2. Agent pool design

The agent pool consists of four parts:

ProxyGetter:

Proxy access interface, currently there are 5 free proxy source, each call will grab the latest proxy of the five websites into DB, can add additional proxy access interface;

DB:

For storing proxy IP addresses, only SSDB is supported. As for why you choose SSDB, you can refer to this article. Personally, SSDB is a good alternative to Redis. If you have not used SSDB, it is easy to install, you can refer to this article.

Schedule:

Scheduled tasks Periodically check the availability of agents in the DB and delete agents that are unavailable. It also uses the ProxyGetter to get the latest proxy into DB.

ProxyApi:

The external interface to the agent pool, since the agent pool function is relatively simple now, spent two hours looking at Flask and happily decided to do it in Flask. The function is to provide get/delete/refresh interfaces for the crawler to use directly.

3. Code module

Python’s high-level data structures, dynamic typing, and dynamic binding make it ideal for rapid application development and as a glue language for connecting existing software components. The proxy IP pool is also easy to use in Python, with the code divided into six modules:

Api:

API interface related code, currently API is implemented by Flask, the code is very simple.
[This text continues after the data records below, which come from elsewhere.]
lemma laurent_map_single [simp]:
  "laurent_map E (Poly_Mapping.single al x) = Poly_Mapping.single (frag_extend E al) x"
  by (simp add: laurent_map_def)

lemma laurent_map_zero [simp]: "laurent_map E 0 = 0"
  by (simp add: laurent_map_def)

lemma laurent_map_sum: "laurent_map E (sum F A) = (\<Sum>x\<in>A. laurent_map E (F x))"
  by (induction A rule: infinite_finite_induct) (simp_all add: laurent_map_add)

lemma laurent_map_mult:
  fixes P Q :: "('v, 'k::comm_semiring_1) laurent"
  shows "laurent_map E (P * Q) = laurent_map E P * laurent_map E Q"
proof -
  have "P * Q = (\<Sum>al\<in>Poly_Mapping.keys P. \<Sum>be\<in>Poly_Mapping.keys Q. Poly_Mapping.single (al + be) (Poly_Mapping.lookup P al * Poly_Mapping.lookup Q be))"
    by (subst poly_mapping_expansion[of P], subst poly_mapping_expansion[of Q])
       (simp add: sum_product mult_single)
  then have "laurent_map E (P * Q) = (\<Sum>al\<in>Poly_Mapping.keys P. \<Sum>be\<in>Poly_Mapping.keys Q.
      Poly_Mapping.single (frag_extend E al + frag_extend E be) (Poly_Mapping.lookup P al * Poly_Mapping.lookup Q be))"
    by (simp add: laurent_map_sum frag_extend_add)
  also have "\<dots> = laurent_map E P * laurent_map E Q"
    by (simp add: laurent_map_def sum_product mult_single)
  finally show ?thesis .
qed

lemma laurent_map_one: "laurent_map E 1 = 1"
  by (metis frag_extend_0 laurent_map_single single_one)

lemma laurent_map_const [simp]: "laurent_map E (const x) = const x"
  by (simp add: const_def)

lemma alg_hom_laurent_map: "alg_hom (laurent_map E)"
  by (simp add: alg_hom_def laurent_map_one laurent_map_add laurent_map_mult)

lemma laurent_map_gen: "laurent_map E (gen x) = Poly_Mapping.single (E x) 1"
  by (simp add: gen_def)

lemma lookup_laurent_map_frag_extend:
  assumes "inj (frag_extend E)"
  shows "Poly_Mapping.lookup (laurent_map E P) (frag_extend E al) = Poly_Mapping.lookup P al"
proof -
  have "Poly_Mapping.lookup (laurent_map E P) (frag_extend E al) =
     (\<Sum>be\<in>Poly_Mapping.keys P. (Poly_Mapping.lookup P be when be = al))"
    unfolding laurent_map_def lookup_sum lookup_single
    using assms[THEN injD] by (intro sum.cong) (auto simp: when_def)
  also have "\<dots> = Poly_Mapping.lookup P al"
    by (auto simp: when_def in_keys_iff)
  finally show ?thesis .
qed

lemma inj_laurent_map:
  assumes "inj (frag_extend E)"
  shows "inj (laurent_map E)"
  by (rule injI) (metis assms lookup_laurent_map_frag_extend poly_mapping_eqI)

lemma keys_laurent_map: "Poly_Mapping.keys (laurent_map E P) \<subseteq> frag_extend E ` Poly_Mapping.keys P"
  unfolding laurent_map_def by (rule order_trans[OF keys_sum]) (auto split: if_splits)

definition lc_form :: "('v::finite \<Rightarrow> 'v \<Rightarrow> 'k::comm_ring_1) \<Rightarrow> ('v \<Rightarrow>\<^sub>0 int) \<Rightarrow> ('v \<Rightarrow>\<^sub>0 int) \<Rightarrow> 'k" where
  "lc_form w al be = (\<Sum>p\<in>UNIV. \<Sum>q\<in>UNIV. of_int (Poly_Mapping.lookup al p) * of_int (Poly_Mapping.lookup be q) * w p q)"

lemma lc_form_frag_extend_right:
  fixes E :: "'u::finite \<Rightarrow> 'v::finite \<Rightarrow>\<^sub>0 int"
  shows "lc_form w al (frag_extend E be) = (\<Sum>u\<in>UNIV. of_int (Poly_Mapping.lookup be u) * lc_form w al (E u))"
  unfolding lc_form_def lookup_frag_extend[OF finite subset_UNIV]
  by (simp add: of_int_sum sum_distrib_left sum_distrib_right algebra_simps sum.swap[of _ "UNIV::'u set"])

lemma lc_form_frag_extend_left:
  fixes E :: "'u::finite \<Rightarrow> 'v::finite \<Rightarrow>\<^sub>0 int"
  shows "lc_form w (frag_extend E al) be = (\<Sum>u\<in>UNIV. of_int (Poly_Mapping.lookup al u) * lc_form w (E u) be)"
  unfolding lc_form_def lookup_frag_extend[OF finite subset_UNIV]
  by (simp add: of_int_sum sum_distrib_left sum_distrib_right algebra_simps sum.swap[of _ "UNIV::'u set"])

lemma lc_form_frag_extend:
  fixes E :: "'u::finite \<Rightarrow> 'v::finite \<Rightarrow>\<^sub>0 int"
  shows "lc_form w (frag_extend E al) (frag_extend E be) = lc_form (\<lambda>p q. lc_form w (E p) (E q)) al be"
proof -
  have "lc_form w (frag_extend E al) (frag_extend E be)
      = (\<Sum>u\<in>UNIV. of_int (Poly_Mapping.lookup al u) * lc_form w (E u) (frag_extend E be))"
    by (rule lc_form_frag_extend_left)
  also have "\<dots> = lc_form (\<lambda>p q. lc_form w (E p) (E q)) al be"
    by (simp add: lc_form_frag_extend_right lc_form_def[of _ al be] sum_distrib_left mult.assoc)
  finally show ?thesis .
qed

lemma lc_bracket_eq_sum_superset:
  assumes "finite S" "Poly_Mapping.keys P \<subseteq> S" "finite T" "Poly_Mapping.keys Q \<subseteq> T"
  shows "lc_bracket w P Q = (\<Sum>al\<in>S. \<Sum>be\<in>T. Poly_Mapping.single (al + be)
           (Poly_Mapping.lookup P al * Poly_Mapping.lookup Q be * lc_form w al be))" (is "_ = ?R")
proof -
  have "lc_bracket w P Q = (\<Sum>al\<in>Poly_Mapping.keys P. \<Sum>be\<in>T. Poly_Mapping.single (al + be)
           (Poly_Mapping.lookup P al * Poly_Mapping.lookup Q be * lc_form w al be))"
    unfolding lc_bracket_def lc_form_def
    by (intro sum.cong refl sum.mono_neutral_left) (use assms in \<open>auto simp: in_keys_iff\<close>)
  also have "\<dots> = ?R"
    by (intro sum.mono_neutral_left) (use assms in \<open>auto simp: in_keys_iff\<close>)
  finally show ?thesis .
qed

lemma laurent_map_lc_bracket:
  fixes E :: "'v::finite \<Rightarrow> 'w::finite \<Rightarrow>\<^sub>0 int" and P Q :: "('v, 'k::comm_ring_1) laurent"
  assumes inj: "inj (frag_extend E)" and compat: "\<And>p q. lc_form w' (E p) (E q) = w p q"
  shows "laurent_map E (lc_bracket w P Q) = lc_bracket w' (laurent_map E P) (laurent_map E Q)"
proof -
  have form: "lc_form w' (frag_extend E al) (frag_extend E be) = lc_form w al be" for al be
    by (simp add: lc_form_frag_extend compat)
  have "laurent_map E (lc_bracket w P Q) = (\<Sum>al\<in>Poly_Mapping.keys P. \<Sum>be\<in>Poly_Mapping.keys Q.
      Poly_Mapping.single (frag_extend E al + frag_extend E be)
        (Poly_Mapping.lookup P al * Poly_Mapping.lookup Q be * lc_form w al be))"
    by (simp add: lc_bracket_eq_sum_superset[OF finite_keys subset_refl finite_keys subset_refl]
        laurent_map_sum frag_extend_add)
  also have "\<dots> = (\<Sum>al\<in>Poly_Mapping.keys P. \<Sum>be\<in>Poly_Mapping.keys Q.
      Poly_Mapping.single (frag_extend E al + frag_extend E be)
        (Poly_Mapping.lookup (laurent_map E P) (frag_extend E al) * Poly_Mapping.lookup (laurent_map E Q) (frag_extend E be)
         * lc_form w' (frag_extend E al) (frag_extend E be)))"
    by (simp add: lookup_laurent_map_frag_extend[OF inj] form)
  also have "\<dots> = (\<Sum>al\<in>frag_extend E ` Poly_Mapping.keys P. \<Sum>be\<in>frag_extend E ` Poly_Mapping.keys Q.
      Poly_Mapping.single (al + be)
        (Poly_Mapping.lookup (laurent_map E P) al * Poly_Mapping.lookup (laurent_map E Q) be * lc_form w' al be))"
    using inj_on_subset[OF inj subset_UNIV] by (simp add: sum.reindex)
  also have "\<dots> = lc_bracket w' (laurent_map E P) (laurent_map E Q)"
    by (rule lc_bracket_eq_sum_superset[symmetric]) (auto simp: keys_laurent_map)
  finally show ?thesis .
qed

lemma lc_bracket_single_laurent_map:
  fixes E :: "'v::finite \<Rightarrow> 'w::finite \<Rightarrow>\<^sub>0 int" and Q :: "('v, 'k::comm_ring_1) laurent"
  assumes "\<And>p. lc_form w \<gamma> (E p) = 0"
  shows "lc_bracket w (Poly_Mapping.single \<gamma> x) (laurent_map E Q) = 0"
proof -
  have "lc_bracket w (Poly_Mapping.single \<gamma> x) (laurent_map E Q) = (\<Sum>al\<in>{\<gamma>}. \<Sum>be\<in>frag_extend E ` Poly_Mapping.keys Q.
      Poly_Mapping.single (al + be)
        (Poly_Mapping.lookup (Poly_Mapping.single \<gamma> x) al * Poly_Mapping.lookup (laurent_map E Q) be * lc_form w al be))"
    by (rule lc_bracket_eq_sum_superset) (auto simp: keys_laurent_map)
  also have "\<dots> = 0"
    by (auto simp: lc_form_frag_extend_right assms intro!: sum.neutral)
  finally show ?thesis .
qed
lemma Av_infinite_antichain:
  assumes "fin_refl_graph G" "\<nexists>n k. 2 * k < n \<and> graph_iso G (N_graph n k)"
  shows "\<exists>g :: nat \<Rightarrow> graph. (\<forall>i. g i \<in> Av G) \<and> (\<forall>i j. i \<noteq> j \<longrightarrow> \<not> hom_image (g i) (g j))"
proof -
  define m where "m i = i + card (verts G) + 1" for i
  define g where "g i = N_graph (2 * m i) (m i)" for i
  have "g i \<in> Av G" for i
    using hom_image_N_graph_perfect[OF assms(1), of "m i"] assms(2) fin_refl_graph_N_graph
    unfolding Av_def g_def m_def by auto
  moreover have "\<not> hom_image (g i) (g j)" if "i \<noteq> j" for i j
    using N_graph_perfect_antichain[of "m i" "m j"] that unfolding g_def m_def by simp
  ultimately show ?thesis
    by (intro exI[of _ g]) auto
qed

theorem theorem3p4:
  assumes "fin_refl_graph G"
  shows "wqo_hom (Av G) \<longleftrightarrow> (\<exists>n k. 2 * k < n \<and> graph_iso G (N_graph n k))"
proof
  assume wqo: "wqo_hom (Av G)"
  show "\<exists>n k. 2 * k < n \<and> graph_iso G (N_graph n k)"
  proof (rule ccontr)
    assume "\<nexists>n k. 2 * k < n \<and> graph_iso G (N_graph n k)"
    then show False
      using wqo Av_infinite_antichain[OF assms] unfolding wqo_hom_def by simp
  qed
next
  assume "\<exists>n k. 2 * k < n \<and> graph_iso G (N_graph n k)"
  then obtain n k where "2 * k < n" "graph_iso G (N_graph n k)"
    by blast
  then show "wqo_hom (Av G)"
    using wqo_hom_Av_N_graph Av_graph_iso[of G "N_graph n k"] by simp
qed

end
The client requests are passed to Flask, which invokes the implementation in the ProxyManager, including get/ DELETE /refresh/get_all;

DB:

Database code, the current database is the use of SSDB. The code is implemented in factory mode to facilitate the expansion of other types of databases in the future;

Manager:

Get/DELETE /refresh/get_all interface implementation classes, currently the proxy pool is only responsible for managing proxy, the future may have more functions, such as proxy and crawler binding, proxy and account binding and so on;

ProxyGetter:

Agent to obtain the relevant code, currently grab the fast agent, agent 66, agent, agent, west thorn agent, Guobanjia the free agent of the five websites, the test of the five websites updated every day available agent only sixty or seventy, of course, also support their own extension agent interface;

Schedule:

Timed task-related code, now just implement timed to refresh code, and verify available agents, using multi-process;

Util:

Holds some common module methods or functions, including GetConfig: classes that read config. Ini, ConfigParse: Integrated override ConfigParser class to make it case-sensitive, Singleton: implement Singleton, LazyProperty: implement lazy calculation of class attributes. And so on;

Other documents:

Ini configuration file, database configuration and proxy access interface configuration, you can add a new proxy access method in GetFreeProxy, and register in config. ini to use;

4, installation,

Download code:

Git clone [email protected]: jhao104 / proxy_pool. Git or download the zip file to https://github.com/jhao104/proxy_pool directlyCopy the code

Install dependencies:

pip install -r requirements.txt
Copy the code

Activation:

Ini to configure your SSDB to Schedule: >>> Python proxyrefreshschedule. py to API: >>> Python proxyapi.pyCopy the code

5, use

After the scheduled task is started, all agents are fetched into the database and verified using the agent fetch method. By default, the command is executed every 20 minutes. About a minute or two after the scheduled task starts, you can see the refreshed agents available in the SSDB:



After starting proxyapi.py, you can use the interface to get the proxy in the browser. Here is a screenshot from the browser:

The index page:



Get the page:



The get_all page:



If you want to use it in the crawler code, you can wrap this API into a function and use it directly, for example:

The import requests def get_proxy () : return requests. Get (" http://127.0.0.1:5000/get/ "). The content def delete_proxy (proxy) : Requests. The get (" http://127.0.0.1:5000/delete/? proxy={}".format(proxy)) # your spider code def spider(): # .... requests.get('https://www.example.com', proxies={"http": "http://{}".format(get_proxy)}) # ....Copy the code

6, the last

Time is short, function and code are relatively simple, later have time to improve. Give a star on Github if you like it. Thank you!